Businesses in the United Kingdom and the European Union are seeing fewer candidates and heightened competition for talent across multiple sectors thanks to a series of demographic, economic, and social trends. As employees look toward life after Covid, many are reconsidering their career choices and priorities – and deciding it’s time for a change.

This gives HR Directors many problems but also a unique opportunity to raise recruitment standards, advance their DE&I agenda, and build their employer brand through the application of leading scientific tools. Companies are facing greater scrutiny of and by their work force on ethnicity, gender, age, and social issues. Leading organizations are seeking ways to create workplaces that reflect the diversity of the population they serve; they understand the importance of being seen to be fair and just in dealing with employees and all stakeholders. Leaders are looking to create a workplace where people feel integrated and included, where their voice is heard every day.

As the pressure on HR Directors increases, recent scientific advances mean that psychometric tests are now indispensable tools to enable broader objective assessment of current and future employees.

Five Issues Facing HR Directors Today

There are five pressing issues that HR Directors currently face that present a series of urgent challenges:

  1. Ensuring sufficient challenge of the role description and person specification.
    When a vacancy arises, it’s always urgent.
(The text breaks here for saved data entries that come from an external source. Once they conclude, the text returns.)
text \<open>Start-time functions in which each task starts at the total work of some set of tasks;
  there are finitely many, and they include all back-to-back schedules.\<close>

definition pred_sum_schedules :: "nat set \<Rightarrow> (nat \<Rightarrow> real) \<Rightarrow> (nat \<Rightarrow> real) set" where
  "pred_sum_schedules V w = (\<lambda>B i. if i \<in> V then sum w (B i) else 0) ` (PiE V (\<lambda>_. Pow V))"

lemma finite_pred_sum_schedules: "finite V \<Longrightarrow> finite (pred_sum_schedules V w)"
  unfolding pred_sum_schedules_def by (intro finite_imageI finite_PiE) auto

context
  fixes V :: "nat set" and w :: "nat \<Rightarrow> real" and key :: "nat \<Rightarrow> 'k::linorder"
  assumes fin: "finite V" and w_nonneg: "\<And>i. i \<in> V \<Longrightarrow> 0 \<le> w i"
begin

lemma seq_start_nonneg: "0 \<le> seq_start V w key i"
  unfolding seq_start_def using w_nonneg by (auto intro: sum_nonneg)

lemma seq_start_before:
  assumes "k \<in> V" "i \<in> V" "key k < key i"
  shows "seq_start V w key k + w k \<le> seq_start V w key i"
proof -
  have "seq_start V w key k + w k = (\<Sum>m\<in>insert k {m\<in>V. key m < key k}. w m)"
    using assms(1) fin by (simp add: seq_start_def add.commute)
  also have "\<dots> \<le> (\<Sum>m\<in>{m\<in>V. key m < key i}. w m)"
    by (rule sum_mono2) (use fin assms w_nonneg in auto)
  finally show ?thesis using assms(2) by (simp add: seq_start_def)
qed

lemma seq_start_order:
  assumes "k \<in> V" "i \<in> V" "seq_start V w key k < seq_start V w key i + w i"
  shows "key k \<le> key i"
proof (rule ccontr)
  assume "\<not> key k \<le> key i"
  then have "seq_start V w key i + w i \<le> seq_start V w key k"
    by (intro seq_start_before[OF assms(2,1)]) simp
  then show False using assms(3) by linarith
qed

lemma seq_start_first:
  assumes "m \<in> V" "\<And>k. k \<in> V \<Longrightarrow> \<not> key k < key m"
  shows "seq_start V w key m = 0"
proof -
  have none: "{k\<in>V. key k < key m} = {}" using assms(2) by blast
  show ?thesis unfolding seq_start_def none using assms(1) by simp
qed

lemma seq_start_end:
  assumes "i \<in> V"
  shows "seq_start V w key i + w i \<le> sum w V"
proof -
  have "seq_start V w key i + w i = (\<Sum>m\<in>insert i {m\<in>V. key m < key i}. w m)"
    using assms fin by (simp add: seq_start_def add.commute)
  also have "\<dots> \<le> sum w V"
    by (rule sum_mono2) (use fin assms w_nonneg in auto)
  finally show ?thesis .
qed

lemma seq_start_in_pred_sum_schedules: "seq_start V w key \<in> pred_sum_schedules V w"
  unfolding pred_sum_schedules_def
proof (rule image_eqI)
  show "seq_start V w key = (\<lambda>i. if i \<in> V then sum w (restrict (\<lambda>i. {k\<in>V. key k < key i}) V i) else 0)"
    by (rule ext) (simp add: seq_start_def)
qed auto

lemma seq_start_Cmax:
  assumes "V \<noteq> {}"
  shows "Cmax V w (seq_start V w key) \<le> sum w V"
  unfolding Cmax_def using fin assms seq_start_end by (subst Max_le_iff) auto

context
  assumes inj: "inj_on key V"
begin

lemma seq_start_last:
  assumes "i \<in> V" "\<And>k. k \<in> V \<Longrightarrow> \<not> key i < key k"
  shows "seq_start V w key i + w i = sum w V"
proof -
  have "{m\<in>V. key m < key i} = V - {i}"
  proof (intro set_eqI iffI)
    fix m assume "m \<in> V - {i}"
    then have "key m \<noteq> key i" "\<not> key i < key m" using assms inj by (auto simp: inj_on_eq_iff)
    then show "m \<in> {m\<in>V. key m < key i}" using \<open>m \<in> V - {i}\<close> by auto
  qed auto
  then show ?thesis using assms(1) fin by (simp add: seq_start_def sum_diff1)
qed

lemma seq_start_next:
  assumes "i \<in> V" "k \<in> V" "key i < key k"
    and "\<And>j. j \<in> V \<Longrightarrow> key i < key j \<Longrightarrow> \<not> key j < key k"
  shows "seq_start V w key k = seq_start V w key i + w i"
proof -
  have "{m\<in>V. key m < key k} = insert i {m\<in>V. key m < key i}"
  proof (intro set_eqI iffI)
    fix m assume m: "m \<in> {m\<in>V. key m < key k}"
    show "m \<in> insert i {m\<in>V. key m < key i}"
    proof (cases "m = i")
      case False
      then have "key m \<noteq> key i" using m assms(1) inj by (auto simp: inj_on_eq_iff)
      moreover have "\<not> key i < key m" using assms(4) m by auto
      ultimately show ?thesis using m by auto
    qed simp
  qed (use assms(1,3) in auto)
  then show ?thesis using assms fin by (simp add: seq_start_def)
qed

lemma seq_start_no_idle:
  assumes "V \<noteq> {}"
  shows "no_idle V w (seq_start V w key)"
  unfolding no_idle_def
proof (intro allI impI)
  fix t assume t: "0 \<le> t \<and> t < Cmax V w (seq_start V w key)"
  let ?S = "seq_start V w key"
  define A where "A = {k\<in>V. ?S k \<le> t}"
  have finA: "finite A" using fin by (simp add: A_def)
  have "A \<noteq> {}"
  proof -
    have "Min (key ` V) \<in> key ` V" using fin assms by (intro Min_in) auto
    then obtain m where m: "m \<in> V" "Min (key ` V) = key m" by blast
    have m_min: "key m \<le> key k" if "k \<in> V" for k
      using Min_le[of "key ` V" "key k"] fin that m(2) by simp
    have "?S m = 0" by (rule seq_start_first) (use m m_min in \<open>auto simp: not_less\<close>)
    then show ?thesis using m t by (auto simp: A_def)
  qed
  then have "Max (key ` A) \<in> key ` A" using finA by (intro Max_in) auto
  then obtain i where i: "i \<in> A" "Max (key ` A) = key i" by blast
  have i_max: "key k \<le> key i" if "k \<in> A" for k
    using Max_ge[of "key ` A" "key k"] finA that i(2) by simp
  have "t < ?S i + w i"
  proof (rule ccontr)
    assume late: "\<not> t < ?S i + w i"
    show False
    proof (cases "\<exists>k\<in>V. key i < key k")
      case False
      then have "?S i + w i = sum w V" using i(1) unfolding A_def by (intro seq_start_last) auto
      then show False using seq_start_Cmax[OF assms] t late by linarith
    next
      case True
      let ?B = "{k\<in>V. key i < key k}"
      have finB: "finite ?B" using fin by simp
      have "Min (key ` ?B) \<in> key ` ?B" using finB True by (intro Min_in) auto
      then obtain k where k: "k \<in> ?B" "Min (key ` ?B) = key k" by blast
      have k_min: "\<not> key j < key k" if "j \<in> ?B" for j
        using Min_le[of "key ` ?B" "key j"] finB that k(2) by simp
      have "?S k = ?S i + w i"
        by (rule seq_start_next) (use i k k_min in \<open>auto simp: A_def\<close>)
      then have "k \<in> A" using late k by (auto simp: A_def)
      then show False using i_max[of k] k(1) by (simp add: not_le[symmetric])
    qed
  qed
  then show "\<exists>i\<in>V. ?S i \<le> t \<and> t < ?S i + w i" using i by (auto simp: A_def)
qed

lemma seq_start_valid:
  assumes "\<And>j. j \<in> V \<Longrightarrow> j \<noteq> r \<Longrightarrow> key j < key (par j)"
  shows "valid_sched V r par w 1 (\<lambda>_. 0) (seq_start V w key)"
  unfolding valid_sched_def
proof (intro conjI ballI impI)
  fix i j assume ij: "i \<in> V" "j \<in> V" "i \<noteq> j \<and> (0::nat) = 0"
  then have "key i \<noteq> key j" using inj by (auto simp: inj_on_eq_iff)
  then consider "key i < key j" | "key j < key i" using neqE by blast
  then show "{seq_start V w key i..<seq_start V w key i + w i} \<inter>
      {seq_start V w key j..<seq_start V w key j + w j} = {}"
  proof cases
    case 1 then show ?thesis using seq_start_before[of i j] ij by auto
  next
    case 2 then show ?thesis using seq_start_before[of j i] ij by auto
  qed
next
  fix i j assume "i \<in> V" "j \<in> children V r par i"
  then show "seq_start V w key j + w j \<le> seq_start V w key i"
    using seq_start_before assms by (auto simp: children_def)
qed (auto simp: seq_start_nonneg)

end
end

section \<open>Memory and makespan of in-tree task graphs\<close>

lemma fmeasurable_Ico: "{a..<b::real} \<in> fmeasurable lborel"
proof (rule fmeasurableI2[of "{a..b}"])
  show "{a..b} \<in> fmeasurable lborel" using fmeasurable_cbox[of a b] by (simp add: cbox_interval)
qed auto

locale task_tree =
  fixes V r par w nf f
  assumes tree: "in_tree V r par w nf f"
begin

lemma fin: "finite V" and root_in: "r \<in> V" and par_in: "\<And>i. i \<in> V \<Longrightarrow> i \<noteq> r \<Longrightarrow> par i \<in> V"
  and w_nonneg: "\<And>i. i \<in> V \<Longrightarrow> 0 \<le> w i" and nf_nonneg: "\<And>i. i \<in> V \<Longrightarrow> 0 \<le> nf i"
  and f_nonneg: "\<And>i. i \<in> V \<Longrightarrow> 0 \<le> f i"
  using tree unfolding in_tree_def by auto

lemma Cmax_ge: "i \<in> V \<Longrightarrow> s i + w i \<le> Cmax V w s"
  unfolding Cmax_def using fin by auto

lemma Cmax_nonneg: "(\<And>i. i \<in> V \<Longrightarrow> 0 \<le> s i) \<Longrightarrow> 0 \<le> Cmax V w s"
  using Cmax_ge[OF root_in, of s] w_nonneg[OF root_in] root_in by fastforce

lemma out_end_le_Cmax: "i \<in> V \<Longrightarrow> out_end V r par w s i \<le> Cmax V w s"
  using Cmax_ge par_in unfolding out_end_def by auto

text \<open>The memory profile is non-negative and bounded, so the peak is its least upper bound.\<close>

lemma mem_at_nonneg: "0 \<le> mem_at V r par w nf f s t"
  unfolding mem_at_def using f_nonneg nf_nonneg by (intro sum_nonneg) auto

lemma peak_ge: "mem_at V r par w nf f s t \<le> peak_mem V r par w nf f s"
proof -
  have "mem_at V r par w nf f s t' \<le> (\<Sum>i\<in>V. f i + nf i)" for t'
    unfolding mem_at_def using f_nonneg nf_nonneg by (intro sum_mono) auto
  then show ?thesis unfolding peak_mem_def by (intro cSUP_upper bdd_aboveI2) auto
qed

lemma peak_le: "(\<And>t. mem_at V r par w nf f s t \<le> B) \<Longrightarrow> peak_mem V r par w nf f s \<le> B"
  unfolding peak_mem_def by (rule cSUP_least) auto

lemma peak_nonneg: "0 \<le> peak_mem V r par w nf f s"
  using peak_ge[of s 0] mem_at_nonneg[of s 0] by linarith


lemma mem_at_outside:
  assumes "\<And>i. i \<in> V \<Longrightarrow> 0 \<le> s i" and "\<not> (0 \<le> t \<and> t < Cmax V w s)"
  shows "mem_at V r par w nf f s t = 0"
  unfolding mem_at_def
proof (rule sum.neutral, rule ballI)
  fix k assume k: "k \<in> V"
  have "0 \<le> s k" "s k + w k \<le> Cmax V w s" "out_end V r par w s k \<le> Cmax V w s"
    using assms(1) Cmax_ge out_end_le_Cmax k by auto
  then show "(if s k \<le> t \<and> t < out_end V r par w s k then f k else 0)
      + (if s k \<le> t \<and> t < s k + w k then nf k else 0) = 0"
    using assms(2) by auto
qed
Will the HRD or Talent Acquisition Head take time to step back and question which parts of the specification are no longer essential, how the potential talent pool could be broadened, and how we may be able to consider someone who looks, sounds, or thinks differently from the previous job holder?
  2. Video interviewing
    Face-to-face interviews (even by a well-trained interviewer) have always been overrated for their predictive validity, and now with the single dimension and remote interaction of interviewing over Zoom or Teams, despite the benefits of ease of access, interviewers are making key recruitment decisions based on even less information
  3. The impact of limited skills or biases of assessors
    In my 30 years in HR, I have consistently encountered colleagues at all levels of seniority whose interview skills and people judgement were subject to conscious or unconscious bias.  The recruitment process owner needs to ensure conscious inclusion throughout the assessment.
  4. Alignment vs. groupthink
    When the assessment panel meets to review the final candidate slate, the responsibility of the HRD or Talent Acquisition Head is to fully consider each of the candidates and their relative merits versus the desired specification, and to achieve this they need as much relevant, objective data on each candidate as possible. HRDs have a responsibility to manage the assessment panel as the risk to the company of a bad hire, or the opportunity cost of missing a strong hire, is growing each year.
  5. Ensuring positive candidate experiences
    There may only be one final successful hire, but what will the unsuccessful candidates be telling family, friends, and colleagues about their personal experience of the company and recruitment process? The company’s reputation is on the line at every stage.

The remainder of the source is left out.